How to compute the "LocalRoutingWireLoad"

[narutozxp]

Hello Professor Betz. As the code descripted in

COFFE/coffe/fpga.py

Lines 2777 to 2783 in 4397424

	def _compute_load(self, specs, local_mux):
	""" Compute the load on a local routing wire (number of on/partial/off) """
	# The first thing we are going to compute is how many local mux inputs are connected to a local routing wire
	# This is a function of local_mux size, N, K, I and Ofb
	num_local_routing_wires = specs.I+specs.N*specs.num_ble_local_outputs
	self.mux_inputs_per_wire = local_mux.implemented_size*specs.N*specs.K/num_local_routing_wires

mux_inputs_per_wire = local_mux.implemented_size\*specs.N\*specs.K/num_local_routing_wires.

However, as there are specs.N*specs.K muxes in the local routing, mux_inputs_per_wire should be equal to specs.N*specs.K muxes. Could you tell me the reason why it relates to the local mux size? It puzzles me a lot of times.
Thanks!

[vaughnbetz]

This looks correct to me. I believe the calculation is saying you have a total number of mux inputs of that is equal to the number of inputs to each mux * the number of such muxes. Then take all those mux inputs and divide them evenly over the local routing wires to figure out how many mux inputs (loads) we have per wire.

Total number of muxes that are fed by local routing: specs.N * specs.K (i.e. this is the total number of LUT inputs)
Total number of inputs to these muxes: multiply by local_mux.implemented_size
Spread these mux inputs evenly over all the local routing wires (which are the possible sources/inputs): divide by num_local_routing_wires.

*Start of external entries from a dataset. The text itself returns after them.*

lemma negl_clipping_term:
  fixes M :: "nat \<Rightarrow> nat" and R \<delta> :: "nat \<Rightarrow> real"
  assumes M: "(\<lambda>n. real (M n)) \<in> O(\<lambda>n. real n)" and R: "is_poly_growth R"
    and \<delta>: "\<And>n. \<delta> n > 0" "eventually (\<lambda>n. \<delta> n \<le> 1) at_top"
  shows "negl (\<lambda>n. real (M n) * measure (dig_gauss (R n) (\<delta> n)) {R n, - R n})"
  unfolding negl_def
proof
  fix q
  obtain C1 where M_le: "eventually (\<lambda>n. real (M n) \<le> C1 * real n) at_top"
    using M by (elim landau_o.bigE) auto
  obtain c C where c: "c > 0"
    and R_bounds: "eventually (\<lambda>n. real n powr c \<le> R n \<and> R n \<le> real n powr C) at_top"
    using R unfolding is_poly_growth_def by blast
  then have R_ge: "eventually (\<lambda>n. real n powr c \<le> R n) at_top" by (auto elim: eventually_mono)
  obtain B where B: "\<And>n R \<delta>. n \<ge> 1 \<Longrightarrow> real n powr c \<le> R \<Longrightarrow> 0 < \<delta> \<Longrightarrow> \<delta> \<le> 1 \<Longrightarrow>
      measure (dig_gauss R \<delta>) {R, - R} \<le> B / real n ^ (q + 2)"
    using measure_dig_gauss_clipped_poly_decay[OF c] by metis
  have "((\<lambda>n. C1 * B / real n) \<longlongrightarrow> 0) at_top" by real_asymp
  then have small: "eventually (\<lambda>n. C1 * B / real n < 1) at_top" by (rule order_tendstoD) simp
  show "eventually (\<lambda>n. real n ^ q *
          \<bar>real (M n) * measure (dig_gauss (R n) (\<delta> n)) {R n, - R n}\<bar> < 1) at_top"
    using M_le R_ge \<delta>(2) small eventually_ge_at_top[of 1]
  proof eventually_elim
    case (elim n)
    have "real n ^ q * \<bar>real (M n) * measure (dig_gauss (R n) (\<delta> n)) {R n, - R n}\<bar>
        \<le> real n ^ q * (C1 * real n * (B / real n ^ (q + 2)))"
    proof -
      have "real (M n) * measure (dig_gauss (R n) (\<delta> n)) {R n, - R n}
          \<le> C1 * real n * (B / real n ^ (q + 2))"
        using elim(1) B[OF elim(5) elim(2) \<delta>(1) elim(3)] order_trans[OF of_nat_0_le_iff elim(1)]
        by (intro mult_mono) auto
      then show ?thesis by (simp add: mult_left_mono)
    qed
    also have "\<dots> = C1 * B / real n" using elim(5) by (simp add: field_simps)
    finally show ?case using elim(4) by linarith
  qed
qed
(* Let $\mathcal N$ be a null structure on an oriented three-dimensional (pseudo-)Riemannian manifold $(\mathcal M,g)$ which at every point is a principal null structure of $\Phi_{ab}$ of multiplicity exactly $3$. Suppose that for a generator $k^a$ of $\mathcal N$, $$k^a\left(A_{abc}-2g_{a[b}\nabla_{c]}S\right)=0,\qquad k^ak^bA_{abc}=0,\qquad k^a\nabla_aS=0.$$ Then $\mathcal N$ is co-geodetic.
   Context: Abstract index notation; $\nabla$ the Levi-Civita connection; brackets denote (skew-)symmetrisation with weight $1/2$. $R_{abd}{}^cV^d=2\nabla_{[a}\nabla_{b]}V^c$, $R_{ab}=R_{acb}{}^c$, $R=R_a{}^a$, $\Phi_{ab}=R_{ab}-\frac13Rg_{ab}$, $S=\frac1{12}R$, Cotton tensor $A_{abc}=-2\nabla_{[b}\Phi_{c]a}+2g_{a[b}\nabla_{c]}S$. $g,\nabla$ extended complex-(bi)linearly to $T^{\mathbb C}\mathcal M$. A null structure is a complex line subbundle $\mathcal N\subset T^{\mathbb C}\mathcal M$ with $g(k,k)=0$ for all sections; a generator is a nowhere-vanishing section; $\mathcal N^\perp$ its orthogonal complement. $\mathcal N$ is co-geodetic if $g(\nabla_XY,Z)=0$ for all sections $X,Y$ of $\mathcal N^\perp$, $Z$ of $\mathcal N$. Multiplicity: pick a frame $(k,\ell,n)$ with $g(k,\ell)=1$, $g(n,n)=-\frac12$, other pairings zero; $\Phi_0=\frac12\Phi_{ab}k^ak^b$, $\Phi_1=\frac12\Phi_{ab}k^an^b$, $\Phi_2=\frac12\Phi_{ab}k^a\ell^b$, $\Phi_3=\frac12\Phi_{ab}\ell^an^b$, $\Phi_4=\frac12\Phi_{ab}\ell^a\ell^b$; the multiplicity of $\mathcal N$ is the multiplicity of the root $z=0$ of $\Phi_0+4\Phi_1z+6\Phi_2z^2+4\Phi_3z^3+\Phi_4z^4$. Multiplicity exactly 3 means $\Phi_0=\Phi_1=\Phi_2=0\neq\Phi_3$ (equivalently $\Phi_{ab}k^b=0$ but $k_{[a}\Phi_{b]c}\neq0$). *)

theory Defs
  imports "HOL-Analysis.Analysis"
begin

text \<open>Local coordinate description of a (pseudo-)Riemannian 3-manifold:
  an open set U of real^3 (a coordinate chart), metric components g x a b.
  Abstract indices become coordinate indices of type 3.\<close>

type_synonym pt = "real^3"
lemma mvt_inner:
  assumes "a < b"
  obtains \<xi> where "\<xi> \<in> {a<..<b}" "(\<gamma> b - \<gamma> a) \<bullet> w = (b - a) * (\<gamma>' \<xi> \<bullet> w)"
proof -
  have "((\<lambda>r. \<gamma> r \<bullet> w) has_derivative (\<lambda>h. (h *\<^sub>R \<gamma>' r) \<bullet> w)) (at r)" for r
    using deriv[of r] unfolding has_vector_derivative_def by (rule has_derivative_inner_left)
  then have "((\<lambda>r. \<gamma> r \<bullet> w) has_derivative (\<lambda>h. h * (\<gamma>' r \<bullet> w))) (at r within {a..b})" for r
    by (auto intro: has_derivative_at_withinI)
  from mvt_simple[OF assms this] that show ?thesis
    by (auto simp: inner_diff_left)
qed

lemma norm_chord_le: "norm (\<gamma> b - \<gamma> a) \<le> \<bar>b - a\<bar>"
proof -
  have "norm (\<gamma> b - \<gamma> a) \<le> 1 * norm (b - a)"
  proof (rule differentiable_bound[of UNIV])
    show "(\<gamma> has_derivative (\<lambda>h. h *\<^sub>R \<gamma>' r)) (at r within UNIV)" for r
      using deriv by (simp add: has_vector_derivative_def)
    show "onorm (\<lambda>h. h *\<^sub>R \<gamma>' r) \<le> 1" for r
      by (simp add: onorm_scaleR_left onorm_id)
  qed auto
  then show ?thesis by simp
qed

lemma curve_point_in_image: "\<gamma> r \<in> \<gamma> ` {0..1}"
proof -
  interpret periodic_fun_simple' \<gamma> by unfold_locales (rule periodic)
  have "\<gamma> r = \<gamma> (frac r)"
    using minus_of_int[of r "\<lfloor>r\<rfloor>"] by (simp add: frac_def)
  moreover have "frac r \<in> {0..1}"
    using frac_lt_1[of r] frac_ge_0[of r] by auto
  ultimately show ?thesis by blast
qed

lemma thickness_le_circumradius:
  assumes "\<gamma> x \<noteq> \<gamma> y" "\<gamma> y \<noteq> \<gamma> z" "\<gamma> x \<noteq> \<gamma> z"
  shows "thickness \<gamma> \<le> circumradius (\<gamma> x) (\<gamma> y) (\<gamma> z)"
  unfolding thickness_def using curve_point_in_image assms
  by (auto intro!: INF_lower2[of "(\<gamma> x, \<gamma> y, \<gamma> z)"])
(* Let $N, M \in \mathrm{GL}(3,\mathbb{Z})$ satisfy: (i) $NM = MN$; (ii) $1$ is an eigenvalue of $N^n M^m$ for all $(n,m) \in \mathbb{Z}^2$; (iii) $\{k \in \mathbb{Z}^3 : N^n M^m k = k \text{ for all } (n,m) \in \mathbb{Z}^2\} = \{0\}$. Then there exist $P \in \mathrm{GL}(3,\mathbb{Z})$ and integers $a,b,c,d$ such that $$P N P^{-1} = \begin{bmatrix} 1 & a & b \\ 0 & -1 & 0 \\ 0 & 0 & -1 \end{bmatrix}, \quad P M P^{-1} = \begin{bmatrix} -1 & 0 & c \\ 0 & -1 & d \\ 0 & 0 & 1 \end{bmatrix}.$$ In particular, the subgroup of $\mathrm{GL}(3,\mathbb{Z})$ generated by $N$ and $M$ is isomorphic to the Klein four-group. *)

theory Defs
  imports "HOL-Analysis.Analysis"
begin

text \<open>Integer 3x3 matrices are elements of type int^3^3; GL(3,Z) membership is
  the library notion invertible (two-sided inverse with integer entries).\<close>

definition matpow :: "'a::semiring_1^'n^'n \<Rightarrow> nat \<Rightarrow> 'a^'n^'n" where
  "matpow A k = ((\<lambda>B. A ** B) ^^ k) (mat 1)"

definition matzpow :: "'a::semiring_1^'n^'n \<Rightarrow> int \<Rightarrow> 'a^'n^'n" where
  "matzpow A k = (if 0 \<le> k then matpow A (nat k) else matpow (matrix_inv A) (nat (- k)))"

Adding @sadegh68 and @StephenMoreOSU in case they have anything to add.

[narutozxp]

@vaughnbetz thank you for your kind answer. However, this will result in a heavier load for input wires, but will not improve routing.
For example, if we have the following architecture:

fpga_arch_params:

  arch_out_folder: ./output_files
  # The following parameters are the classic VPR architecture parameters
  N : 8
  K : 4
  W : 100
  L : 4
  I : 24
  Fs : 3
  Fcin : 0.15
  Fcout : 0.1

  # Number of BLE outputs to general routing 
  Or : 1

  # Number of BLE outputs to local routing
  Ofb : 1

  # Population of local routing MUXes 
  Fclocal : 1

According to the code of COFFE,
level2_size=int(math.sqrt(self.required_size))=int(sqrt(24+8))=5
level1_size=int(math.ceil(float(self.required_size)/self.level2_size))=7
local_mux.implemented_size = level2_size * level1_size = 35
self.mux_inputs_per_wire = local_mux.implemented_sizespecs.Nspecs.K/num_local_routing_wires = 35 * 4 * 8 / 32 = 35

However, I only need a 32-mux to implement my full-crossbar， but we use a 35-mux now. In my opinion, a 32-mux could select all of the local_routing_wires, so a 35-mux will not improve the ability of local routing(multiple inputs of mux connect the same local_routing_wire). On the contrary, 35-mux will make the wire load larger, increasing the area and delay. Even if I have to use a 35-mux(maybe for easy physical implementation), I will only use its 32 input of all 35 inputs, because, this way has a more minor delay(smaller wire load) with no effect to the flexibility of local routing.

[vaughnbetz]

Your logic seems correct. It will be a small difference, but you are right that rounding off the number of inputs to force a balanced 2-level mux will increase the number of loads a little. I don't think it will make a large difference, and it does keep the mux symmetric. You could update the code to change the computation for this case, but if you do so it should be commented so it's understandable. Adding @StephenMoreOSU in case he has any thoughts.